她的心,瞬间揪了起来。
这个男人,是为了她和他的生计,才要去冒生命危险。
而她,却什么也做不了。
“我……”她张了张嘴,想说些什么,却又不知道该说什么。
说“你别去”?那他们吃什么?
说“你小心”?在这种生死攸关的时刻,这句话显得那么苍白无力。
陆远看了她一眼,似乎看穿了她的心思。
“等我回来。”
说完,他便拉开那扇吱呀作响的木门,头也不回地走进了漫天的风雪之中。
“砰。

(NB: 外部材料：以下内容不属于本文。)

(* Let $r$ be a positive integer and $g\in\{0,1\}$. Put $$A_{r,g}(z)=\sum_{m=0}^{r}\binom{r-g+\frac14}{m}\binom{2r-g-m}{r-g}(-z)^m,\qquad B_{r,g}(z)=\sum_{m=0}^{r-g}\binom{r-\frac14}{m}\binom{2r-g-m}{r}(-z)^m.$$ (i) There is a power series $F_{r,g}(z)$ such that for all complex $z$ with $|z|<1$, $$A_{r,g}(z)-(1-z)^{1/4}B_{r,g}(z)=z^{2r+1-g}F_{r,g}(z)$$ and $$|F_{r,g}(z)|\le \frac{\binom{r-g+1/4}{r+1-g}\binom{r-1/4}{r}}{\binom{2r+1-g}{r}}\,(1-|z|)^{-\frac12(2r+1-g)}.$$ (ii) For all complex $z$ with $|1-z|\le1$, $|A_{r,g}(z)|\le\binom{2r-g}{r}$. (iii) For all complex $z\neq0$ and $h\in\{0,1\}$, $A_{r,0}(z)B_{r+h,1}(z)\neq A_{r+h,1}(z)B_{r,0}(z)$.
   Context: For real $a$ and a nonnegative integer $m$, $\binom{a}{m}=a(a-1)\cdots(a-m+1)/m!$. In (i), $(1-z)^{1/4}$ denotes the principal branch on $|z|<1$ (equal to $1$ at $z=0$). *)

theory Defs
  imports "HOL-Analysis.Analysis"
begin

definition polyA :: "nat \<Rightarrow> nat \<Rightarrow> complex \<Rightarrow> complex" where
  "polyA r g z = (\<Sum>m = 0..r. complex_of_real ((real r - real g + 1/4) gchoose m)
       * of_nat ((2*r - g - m) choose (r - g)) * (- z) ^ m)"

definition polyB :: "nat \<Rightarrow> nat \<Rightarrow> complex \<Rightarrow> complex" where
  "polyB r g z = (\<Sum>m = 0..r - g. complex_of_real ((real r - 1/4) gchoose m)
       * of_nat ((2*r - g - m) choose r) * (- z) ^ m)"

end

theory Submission
  imports Defs
begin

text \<open>
  Up to constants, A(r,g) and B(r,g) are the terminating hypergeometric polynomials
  F(-r, -(r-g+1/4); -(2r-g); z) and F(-(r-g), -(r-1/4); -(2r-g); z). By Euler's transformation,
  (1-z)^(1/4) B solves the same hypergeometric equation as A, so the coefficients of the remainder
  E = A - (1-z)^(1/4) B obey the two-term recurrence of A. Since E_0 = 0, this forces E_n = 0 for
  n < e = 2r+1-g; beyond e the recurrence is dominated by that of (1-x)^(-e/2), which gives the
  bound in (i).

  The value of E_e comes from the cross product A(r,g) B(r',g') - A(r',g') B(r,g) with the
  neighbouring index (r',g'): the (1-z)^(1/4) parts cancel, so it vanishes to order e, and it has
  degree at most e. Hence it is the monomial E_e binomial(e,r) z^e, which also proves (iii).
  For (ii), A(1-w) again solves a hypergeometric equation whose coefficient recurrence has
  nonnegative ratios, so all its coefficients have one sign and |A(z)| <= |A(0)| for |1-z| <= 1.
\<close>

lemma gbinomial_Suc_rec:
  "(of_nat k + 1) * (a gchoose Suc k) = (a - of_nat k) * (a gchoose k :: 'a::field_char_0)"
  using gbinomial_mult_1[of a k] by (simp add: algebra_simps)

lemma gbinomial_pos:
  fixes a :: real
  assumes "real k < a + 1"
  shows "0 < a gchoose k"
proof -
  have "0 < (\<Prod>i = 0..<k. a - of_nat i)"
    using assms by (intro prod_pos) auto
  then show ?thesis
    by (metis gbinomial_mult_fact' fact_gt_zero zero_less_mult_pos2)
qed
lemma set_integral_abs_le_integral:
  fixes f :: "'a \<Rightarrow> real"
  assumes f: "integrable M f" and "A \<in> sets M"
  shows "(LINT x:A|M. \<bar>f x\<bar>) \<le> (LINT x|M. \<bar>f x\<bar>)"
proof -
  have "(LINT x:A|M. \<bar>f x\<bar>) \<le> (LINT x:space M|M. \<bar>f x\<bar>)"
    using assms sets.sets_into_space by (intro set_integral_abs_mono_set) auto
  also have "\<dots> = (LINT x|M. \<bar>f x\<bar>)"
    using f by (intro set_integral_space) simp
  finally show ?thesis .
qed

lemma avg_abs_nonneg: "0 \<le> avg_abs f B"
  unfolding avg_abs_def by (simp add: set_integral_abs_nonneg)

definition frac_avg :: "real \<Rightarrow> ('a::euclidean_space \<Rightarrow> real) \<Rightarrow> 'a \<times> real \<Rightarrow> real" where
  "frac_avg \<alpha> f = (\<lambda>(c, r). r powr \<alpha> * avg_abs f (ball c r))"

lemma avg_abs_ball:
  fixes f :: "'a::euclidean_space \<Rightarrow> real"
  assumes "0 < r"
  shows "avg_abs f (ball c r)
    = (LINT y:ball c r|lebesgue. \<bar>f y\<bar>) / (unit_ball_vol DIM('a) * r ^ DIM('a))"
  unfolding avg_abs_def using content_ball[of r c] assms by simp

lemma frac_avg_nonneg: "0 \<le> frac_avg \<alpha> f i"
  by (cases i) (simp add: frac_avg_def avg_abs_nonneg)

context
  fixes f :: "'a::euclidean_space \<Rightarrow> real"
  assumes f: "integrable lebesgue f"
begin

lemma avg_abs_ball_le_bound:
  assumes bound: "AE x in lebesgue. \<bar>f x\<bar> \<le> C" and "0 < r"
  shows "avg_abs f (ball c r) \<le> C"
proof -
  have "0 < measure lebesgue (ball c r)"
    using content_ball_pos[OF \<open>0 < r\<close>] by simp
  moreover have "(LINT y:ball c r|lebesgue. \<bar>f y\<bar>) \<le> C * measure lebesgue (ball c r)"
    using lmeasurable_ball[of c r]
    by (intro set_integral_abs_le_measure[OF f bound]) (auto simp: fmeasurable_def)
  ultimately show ?thesis
    unfolding avg_abs_def by (simp add: divide_le_eq)
qed
lemma rest_card_bound:
  assumes "is_poset A le" "rest A le k \<noteq> {}"
  shows "card (rest A le k) + k \<le> card A"
  using assms(2)
proof (induction k)
  case 0
  then show ?case by simp
next
  case (Suc k)
  have ne: "rest A le k \<noteq> {}"
    using Suc.prems by auto
  have fin: "finite (rest A le k)"
    using finite_subset[OF rest_subset is_poset_finite[OF assms(1)]] .
  have "minimals (rest A le k) le \<noteq> {}"
    using poset_has_minimal[OF is_poset_subset[OF assms(1) rest_subset] ne] .
  then have "rest A le (Suc k) \<subset> rest A le k"
    using minimals_subset[of "rest A le k" le] by auto
  then have "card (rest A le (Suc k)) < card (rest A le k)"
    using psubset_card_mono[OF fin] by blast
  then show ?case
    using Suc.IH[OF ne] by simp
qed

lemma level_nonempty_le_height:
  assumes "is_poset A le" "level A le k \<noteq> {}"
  shows "k \<le> height A le"
proof -
  have "j \<le> card A" if "level A le j \<noteq> {}" for j
  proof -
    have "rest A le j \<noteq> {}"
      using level_subset_rest[of A le j] that by blast
    then show ?thesis
      using rest_card_bound[OF assms(1), of j] by linarith
  qed
  then have "{k. level A le k \<noteq> {}} \<subseteq> {..card A}"
    by auto
  then have "finite {k. level A le k \<noteq> {}}"
    using finite_subset by blast
  then show ?thesis
    unfolding height_def using assms(2) by (simp add: Max_ge)
qed

lemma mem_some_level:
  assumes "is_poset A le" "x \<in> A"
  obtains k where "x \<in> level A le k" "k \<le> height A le"
proof -
  have "x \<notin> rest A le k \<Longrightarrow> \<exists>j<k. x \<in> level A le j" for k
  proof (induction k)
    case (Suc k)
    then show ?case
      by (cases "x \<in> rest A le k") (auto simp: level_def less_Suc_eq)
  qed (use assms(2) in simp)
  moreover have "rest A le (Suc (card A)) = {}"
    using rest_card_bound[OF assms(1), of "Suc (card A)"] by linarith
  ultimately obtain k where "x \<in> level A le k"
    by blast
  then show thesis
    using that level_nonempty_le_height[OF assms(1)] by blast
qed

lemma levels_between_one_height:
  assumes "is_poset A le"
  shows "levels_between A le 1 (height A le) = A - minimals A le"
proof -
  have upper: "level A le k \<subseteq> A - minimals A le" if "1 \<le> k" for k
  proof -
    have "rest A le k \<subseteq> rest A le (Suc 0)"
      using rest_antimono[of "Suc 0" k A le] that by simp
    then show ?thesis
      using level_subset_rest[of A le k] by simp
  qed
  have lower: "x \<in> levels_between A le 1 (height A le)" if x: "x \<in> A - minimals A le" for x
  proof -
    obtain k where "x \<in> level A le k" "k \<le> height A le"
      using mem_some_level[OF assms] x by blast
    moreover have "k \<noteq> 0"
      using calculation(1) x level_0[of A le] by (cases k) auto
    ultimately show ?thesis
      unfolding levels_between_def by auto
  qed
  show ?thesis
  proof
    show "levels_between A le 1 (height A le) \<subseteq> A - minimals A le"
      unfolding levels_between_def using upper by (intro UN_least) auto
  qed (use lower in blast)
qed
lemma qbinom_Pascal':
  assumes "k \<le> n"
  shows "qbinom q (Suc n) (Suc k) = qbinom q n (Suc k) + q ^ (n - k) * qbinom q n k"
proof (cases "k = n")
  case False
  then obtain D where A: "qbinom q (Suc n) (Suc k) = D * (1 - q ^ Suc n)"
    and B: "qbinom q n k = D * (1 - q ^ Suc k)" and C: "qbinom q n (Suc k) = D * (1 - q ^ (n - k))"
    using assms qbinom_Suc_factors[of k n] by auto
  have "q ^ k * q ^ (n - k) = q ^ n"
    using assms by (simp flip: power_add)
  then show ?thesis
    unfolding A B C by (simp add: algebra_simps)
qed simp

lemma sum_qbinom_Suc:
  "(\<Sum>m\<le>Suc M. qbinom q (Suc M) m * F m) = (\<Sum>m\<le>M. qbinom q M m * (q ^ m * F m + F (Suc m)))"
proof -
  have "(\<Sum>m\<le>Suc M. qbinom q (Suc M) m * F m) = F 0 + (\<Sum>m\<le>M. qbinom q (Suc M) (Suc m) * F (Suc m))"
    by (subst sum.atMost_Suc_shift) simp
  also have "\<dots> = F 0 + (\<Sum>m\<le>M. qbinom q M m * F (Suc m)) + (\<Sum>m<M. q ^ Suc m * qbinom q M (Suc m) * F (Suc m))"
    by (simp add: qbinom_Pascal sum.distrib algebra_simps flip: lessThan_Suc_atMost)
  moreover have "F 0 + (\<Sum>m<M. q ^ Suc m * qbinom q M (Suc m) * F (Suc m)) = (\<Sum>m\<le>M. qbinom q M m * q ^ m * F m)"
    by (simp add: sum.atMost_shift mult_ac)
  ultimately show ?thesis
    by (simp add: sum.distrib algebra_simps)
qed

lemma sum_qbinom_Suc':
  "(\<Sum>m\<le>Suc M. qbinom q (Suc M) m * F m) = (\<Sum>m\<le>M. qbinom q M m * (F m + q ^ (M - m) * F (Suc m)))"
proof -
  have "(\<Sum>m\<le>Suc M. qbinom q (Suc M) m * F m) = F 0 + (\<Sum>m\<le>M. qbinom q (Suc M) (Suc m) * F (Suc m))"
    by (subst sum.atMost_Suc_shift) simp
  also have "\<dots> = F 0 + (\<Sum>m<M. qbinom q M (Suc m) * F (Suc m)) + (\<Sum>m\<le>M. q ^ (M - m) * qbinom q M m * F (Suc m))"
    by (simp add: qbinom_Pascal' sum.distrib algebra_simps flip: lessThan_Suc_atMost)
  moreover have "F 0 + (\<Sum>m<M. qbinom q M (Suc m) * F (Suc m)) = (\<Sum>m\<le>M. qbinom q M m * F m)"
    by (simp add: sum.atMost_shift)
  ultimately show ?thesis
    by (simp add: sum.distrib algebra_simps)
qed

lemma q_Vandermonde:
  "(\<Sum>m\<le>M. qbinom q M m * qpoch x q m * qpoch y q (M - m) * y ^ m) = qpoch (x * y) q M"
proof (induction M)
  case (Suc M)
  have step: "qbinom q M m * (qpoch x q m * qpoch y q (Suc M - m) * y ^ m
      + q ^ (M - m) * (qpoch x q (Suc m) * qpoch y q (M - m) * y ^ Suc m))
      = (1 - x * y * q ^ M) * (qbinom q M m * qpoch x q m * qpoch y q (M - m) * y ^ m)" if "m \<le> M" for m
  proof -
    have "Suc M - m = Suc (M - m)" "q ^ (M - m) * q ^ m = q ^ M"
      using that by (simp_all flip: power_add)
    then show ?thesis
      by (simp add: qpoch_Suc algebra_simps)
  qed
  have "(\<Sum>m\<le>Suc M. qbinom q (Suc M) m * qpoch x q m * qpoch y q (Suc M - m) * y ^ m)
      = (\<Sum>m\<le>M. qbinom q M m * (qpoch x q m * qpoch y q (Suc M - m) * y ^ m
          + q ^ (M - m) * (qpoch x q (Suc m) * qpoch y q (M - m) * y ^ Suc m)))"
    using sum_qbinom_Suc'[of M "\<lambda>m. qpoch x q m * qpoch y q (Suc M - m) * y ^ m"]
    by (simp only: diff_Suc_Suc mult.assoc)
  also have "\<dots> = (1 - x * y * q ^ M) * (\<Sum>m\<le>M. qbinom q M m * qpoch x q m * qpoch y q (M - m) * y ^ m)"
    unfolding sum_distrib_left by (intro sum.cong refl) (rule step, simp)
  also have "\<dots> = qpoch (x * y) q (Suc M)"
    unfolding Suc.IH by (simp add: qpoch_Suc mult_ac)
  finally show ?case .
qed simp

lemma q_Vandermonde':
  "(\<Sum>m\<le>M. qbinom q M m * qpoch x q m * qpoch y q (M - m) * x ^ (M - m)) = qpoch (x * y) q M"
proof -
  have "(\<Sum>m\<le>M. qbinom q M m * qpoch x q m * qpoch y q (M - m) * x ^ (M - m))
      = (\<Sum>m\<le>M. qbinom q M m * qpoch y q m * qpoch x q (M - m) * x ^ m)"
    by (subst sum_atMost_reflect) (intro sum.cong refl, auto simp: qbinom_symmetric mult_ac)
  also have "\<dots> = qpoch (x * y) q M"
    using q_Vandermonde[of M y x] by (simp add: mult.commute)
  finally show ?thesis .
qed

lemma sum_qbinom_nested:
  "(\<Sum>j\<le>i. \<Sum>l\<le>i - j. qbinom q i j * qbinom q (i - j) l * F j (j + l))
   = (\<Sum>t\<le>i. qbinom q i t * (\<Sum>j\<le>t. qbinom q t j * F j t))"
  unfolding sum_atMost_triangle sum_distrib_left
  by (intro sum.cong refl) (auto simp: qbinom_mult mult.assoc)

lemma qpoch_expansion:
  "(\<Sum>l\<le>j. qbinom q j l * (-p) ^ l * q ^ tri l * qpoch b q l * qpoch (p * b * q ^ l) q (j - l))
   = qpoch p q j"
proof (induction j arbitrary: p)
  case (Suc j)
  have step: "qbinom q j l * (q ^ l * ((-p) ^ l * q ^ tri l * qpoch b q l * qpoch (p * b * q ^ l) q (Suc j - l))
      + (-p) ^ Suc l * q ^ tri (Suc l) * qpoch b q (Suc l) * qpoch (p * b * q ^ Suc l) q (j - l))
      = (1 - p) * (qbinom q j l * (-(p * q)) ^ l * q ^ tri l * qpoch b q l * qpoch (p * q * b * q ^ l) q (j - l))"
    if "l \<le> j" for l
  proof -
    have "Suc j - l = Suc (j - l)"
      using that by simp
    moreover have "qpoch (p * b * q ^ l) q (Suc (j - l)) = (1 - p * b * q ^ l) * qpoch (p * b * q ^ Suc l) q (j - l)"
      by (simp add: qpoch_Suc' mult_ac)
    moreover have "(-(p * q)) ^ l = (-p) ^ l * q ^ l" "p * q * b * q ^ l = p * b * q ^ Suc l"
      by (simp_all add: power_mult_distrib[symmetric] mult_ac)
    moreover have "qpoch b q (Suc l) = qpoch b q l * (1 - b * q ^ l)"
      by (rule qpoch_Suc)
    ultimately show ?thesis
      by (simp only:) (simp add: tri_Suc power_add algebra_simps)
  qed
  have "(\<Sum>l\<le>Suc j. qbinom q (Suc j) l * (-p) ^ l * q ^ tri l * qpoch b q l * qpoch (p * b * q ^ l) q (Suc j - l))
      = (\<Sum>l\<le>j. qbinom q j l * (q ^ l * ((-p) ^ l * q ^ tri l * qpoch b q l * qpoch (p * b * q ^ l) q (Suc j - l))
          + (-p) ^ Suc l * q ^ tri (Suc l) * qpoch b q (Suc l) * qpoch (p * b * q ^ Suc l) q (j - l)))"
    using sum_qbinom_Suc[of j "\<lambda>l. (-p) ^ l * q ^ tri l * qpoch b q l * qpoch (p * b * q ^ l) q (Suc j - l)"]
    by (simp add: mult.assoc)
  also have "\<dots> = (1 - p) * (\<Sum>l\<le>j. qbinom q j l * (-(p * q)) ^ l * q ^ tri l * qpoch b q l * qpoch (p * q * b * q ^ l) q (j - l))"
    unfolding sum_distrib_left by (intro sum.cong refl) (rule step, simp)
  finally show ?case
    by (simp add: Suc.IH qpoch_Suc')
qed simp

lemma q_Saalschuetz_qbinom:
  "(\<Sum>k\<le>n. qbinom q n k * qpoch a q k * qpoch b q k * qpoch (a * b * y * q ^ k) q (n - k) * qpoch y q (n - k) * y ^ k)
   = qpoch (a * y) q n * qpoch (b * y) q n"
proof -
  define F where "F k t = qpoch a q k * qpoch b q k * qpoch y q (n - k) * y ^ k
      * qpoch (a * q ^ k) q (t - k) * qpoch (b * y) q (n - t) * (b * y) ^ (t - k)" for k t
  have F_factor: "F k t = qpoch a q t * qpoch y q (n - t) * y ^ t * qpoch (b * y) q (n - t)
      * (qpoch b q k * qpoch (y * q ^ (n - t)) q (t - k) * b ^ (t - k))" if "k \<le> t" "t \<le> n" for k t
  proof -
    have "qpoch a q t = qpoch a q k * qpoch (a * q ^ k) q (t - k)"
      using qpoch_split[OF \<open>k \<le> t\<close>] .
    moreover have "qpoch y q (n - k) = qpoch y q (n - t) * qpoch (y * q ^ (n - t)) q (t - k)"
      using qpoch_add[of y q "n - t" "t - k"] that by simp
    moreover have "y ^ k * (b * y) ^ (t - k) = y ^ t * b ^ (t - k)"
      using \<open>k \<le> t\<close> by (simp add: power_mult_distrib mult_ac flip: power_add)
    ultimately show ?thesis
      unfolding F_def by (simp add: mult_ac)
  qed
  have "(\<Sum>k\<le>n. qbinom q n k * qpoch a q k * qpoch b q k * qpoch (a * b * y * q ^ k) q (n - k) * qpoch y q (n - k) * y ^ k)
      = (\<Sum>k\<le>n. \<Sum>l\<le>n - k. qbinom q n k * qbinom q (n - k) l * F k (k + l))"
  proof -
    have "qpoch (a * b * y * q ^ k) q (n - k)
        = (\<Sum>l\<le>n - k. qbinom q (n - k) l * qpoch (a * q ^ k) q l * qpoch (b * y) q (n - k - l) * (b * y) ^ l)" for k
      using q_Vandermonde[of "n - k" "a * q ^ k" "b * y"] by (simp add: mult_ac)
    then show ?thesis
      by (simp add: F_def sum_distrib_left mult_ac)
  qed
  also have "\<dots> = (\<Sum>t\<le>n. qbinom q n t * (\<Sum>k\<le>t. qbinom q t k * F k t))"
    by (rule sum_qbinom_nested)
  also have "\<dots> = (\<Sum>t\<le>n. qbinom q n t * qpoch a q t * qpoch y q (n - t) * y ^ t * qpoch (b * y) q n)"
  proof (intro sum.cong refl)
    fix t
    assume "t \<in> {..n}"
    then have "t \<le> n"
      by simp
    have "(\<Sum>k\<le>t. qbinom q t k * F k t) = qpoch a q t * qpoch y q (n - t) * y ^ t * qpoch (b * y) q (n - t)
        * (\<Sum>k\<le>t. qbinom q t k * qpoch b q k * qpoch (y * q ^ (n - t)) q (t - k) * b ^ (t - k))"
      unfolding sum_distrib_left by (intro sum.cong refl) (simp add: F_factor \<open>t \<le> n\<close> mult_ac)
    also have "\<dots> = qpoch a q t * qpoch y q (n - t) * y ^ t * (qpoch (b * y) q (n - t) * qpoch (b * y * q ^ (n - t)) q t)"
      using q_Vandermonde'[of t b "y * q ^ (n - t)"] by (simp add: mult_ac)
    also have "\<dots> = qpoch a q t * qpoch y q (n - t) * y ^ t * qpoch (b * y) q n"
      using qpoch_add[of "b * y" q "n - t" t] \<open>t \<le> n\<close> by simp
    finally show "qbinom q n t * (\<Sum>k\<le>t. qbinom q t k * F k t)
        = qbinom q n t * qpoch a q t * qpoch y q (n - t) * y ^ t * qpoch (b * y) q n"
      by (simp add: mult_ac)
  qed
  also have "\<dots> = qpoch (a * y) q n * qpoch (b * y) q n"
    using q_Vandermonde[of n a y] by (simp flip: sum_distrib_right)
  finally show ?thesis .
qed

lemma qpoch_reflect:
  assumes "m \<le> N" "y \<noteq> 0"
  shows "qpoch y q N * (-1) ^ m * q ^ (tri m + m) = qpoch (q / (y * q ^ N)) q m * qpoch y q (N - m) * y ^ m * q ^ (N * m)"
  using assms(1)
proof (induction m)
  case (Suc m)
  have N_m: "N - m = Suc (N - Suc m)"
    using Suc.prems by simp
  have "q ^ (N - Suc m) * q ^ Suc m = q ^ N"
    using Suc.prems by (simp only: power_add[symmetric]) simp
  then have last_factor: "(1 - q / (y * q ^ N) * q ^ m) * y * q ^ N = -(q ^ Suc m) * (1 - y * q ^ (N - Suc m))"
    using assms(2) q_nonzero by (simp add: field_simps)
  have "qpoch (q / (y * q ^ N)) q (Suc m) * qpoch y q (N - Suc m) * y ^ Suc m * q ^ (N * Suc m)
      = qpoch (q / (y * q ^ N)) q m * qpoch y q (N - Suc m) * y ^ m * q ^ (N * m) * ((1 - q / (y * q ^ N) * q ^ m) * y * q ^ N)"
    by (simp add: qpoch_Suc power_add mult_ac)
  also have "\<dots> = -(q ^ Suc m) * (qpoch (q / (y * q ^ N)) q m * qpoch y q (N - m) * y ^ m * q ^ (N * m))"
    unfolding last_factor N_m by (simp add: qpoch_Suc mult_ac)
  also have "\<dots> = qpoch y q N * (-1) ^ Suc m * q ^ (tri (Suc m) + Suc m)"
    using Suc by (simp add: tri_Suc power_add mult_ac)
  finally show ?case
    by simp
qed simp

lemma qpoch_inverse_power:
  assumes "m \<le> N"
  shows "qpoch (1 / q ^ N) q m = qbinom q N m * qpoch q q m * (-1) ^ m * q ^ tri m / q ^ (N * m)"
proof -
  have "qpoch q q N * (-1) ^ m * q ^ tri m * q ^ m = qpoch (1 / q ^ N) q m * qpoch q q (N - m) * q ^ (N * m) * q ^ m"
    using qpoch_reflect[OF assms, of q] q_nonzero by (simp add: power_add mult_ac)
  then have "qpoch q q N * (-1) ^ m * q ^ tri m = qpoch (1 / q ^ N) q m * qpoch q q (N - m) * q ^ (N * m)"
    using q_nonzero by simp
  then show ?thesis
    using assms qpoch_q_nonzero[of "N - m"] qpoch_q_nonzero[of m] q_nonzero
    unfolding qbinom_def by (simp add: field_simps)
qed

lemma qpoch_reflect_product:
  assumes "y \<noteq> 0" "z \<noteq> 0"
  shows "qpoch (q / (y * q ^ N)) q N * qpoch (q / (z * q ^ N)) q N * (y * z * q ^ N / q) ^ N
    = qpoch y q N * qpoch z q N"
proof -
  define E where "E = (-1 :: complex) ^ N * q ^ (tri N + N)"
  have ry: "qpoch (q / (y * q ^ N)) q N = qpoch y q N * E / (y ^ N * q ^ (N * N))"
    and rz: "qpoch (q / (z * q ^ N)) q N = qpoch z q N * E / (z ^ N * q ^ (N * N))"
    using qpoch_reflect[of N N y] qpoch_reflect[of N N z] assms q_nonzero
    unfolding E_def by (simp_all add: field_simps)
  have "tri N + N + (tri N + N) = N * N + N"
    using double_tri_plus[of N] by simp
  then have "q ^ (tri N + N) * q ^ (tri N + N) = q ^ (N * N) * q ^ N"
    by (simp only: power_add[symmetric])
  moreover have "(-1 :: complex) ^ N * (-1) ^ N = 1"
    by (simp flip: power_mult_distrib)
  moreover have "E * E = ((-1) ^ N * (-1) ^ N) * (q ^ (tri N + N) * q ^ (tri N + N))"
    unfolding E_def by (simp only: mult_ac)
  ultimately have EE: "E * E = q ^ (N * N) * q ^ N"
    by simp
  have "q ^ N * (y * z * q ^ N / q) ^ N = y ^ N * z ^ N * q ^ (N * N)"
    using q_nonzero by (simp add: power_mult_distrib power_divide power_mult[symmetric] field_simps)
  then have "E * E * (y * z * q ^ N / q) ^ N = y ^ N * z ^ N * q ^ (N * N) * q ^ (N * N)"
    unfolding EE by (simp add: mult_ac)
  then show ?thesis
    unfolding ry rz using assms q_nonzero by (simp add: field_simps)
qed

”
木门被关上,也将屋外的风雪隔绝。
屋子里,只剩下林知念一个人。
她站在原地,怔怔地看着那扇门,仿佛能透过门板,看到那个消失在风雪中的背影。
等我回来。
这四个字,像一颗石子,投进了她死寂的心湖,泛起了一圈又一圈的涟漪。
……
山路,比陆远想象中还要难走。
积雪没过了膝盖,一脚深一脚浅,每走一步都要耗费巨大的体力。
刺骨的寒风像刀子一样,刮在脸上,生疼。
陆远将头缩在破旧的棉袄里,眯着眼睛,艰难地辨认着方向。
这片山林,原主来过无数次,记忆还算清晰。
他知道哪里有山泉,哪里有野兽经常出没的痕迹。
但他现在面临的最大问题,不是找不到猎物,而是体力。
这具身体太虚弱了,长时间的营养不良,让他走几步就有些喘。
不行,必须尽快找到食物,补充能量。
陆远靠在一棵大树下,喘了口气,从怀里掏出一个用油纸包着的东西。
打开一看,是半块干硬的麦饼。
这是家里最后一点干粮了。
他掰了一小块,塞进嘴里,就着雪,艰难地咽了下去。
冰冷的麦饼划过喉咙,像是吞下了一块石头。
但好歹,肚子里有了点东西,身体也恢复了一些力气。
他继续往山林深处走去。
越往里走,积雪越厚,野兽的踪迹也渐渐多了起来。
陆-远在一处背风的山坳里,发现了一排梅花状的脚印。
是兔子。
看脚印的新鲜程度,应该过去没多久。
陆远精神一振,立刻压低身子,循着脚印,小心翼翼地追踪过去。
作为现代人,他虽然没正经打过猎,但没吃过猪肉也见过猪跑。
他知道,这种天气,兔子一般会躲在灌木丛或者石头缝里。
他放轻脚步,拨开身前的积雪,目光锐利地扫视着周围的一切。
终于,在一处被白雪覆盖的低矮灌木丛下,他看到了两只长长的耳朵。
那是一只雪兔,一身洁白的毛皮,几乎和周围的雪地融为一体。如果不是那两只耳朵动了一下,陆远几乎发现不了它。
找到了!陆远的心跳开始加速。
他缓缓地从背后取下猎弓,抽出一支箭,搭在弦上。
他的动作很慢,很轻,生怕惊动了那个小东西。
指节早已冻得发木,失去了任何触感。
陆远唯一能感觉到的,是弓弦深深勒进皮肉的压力。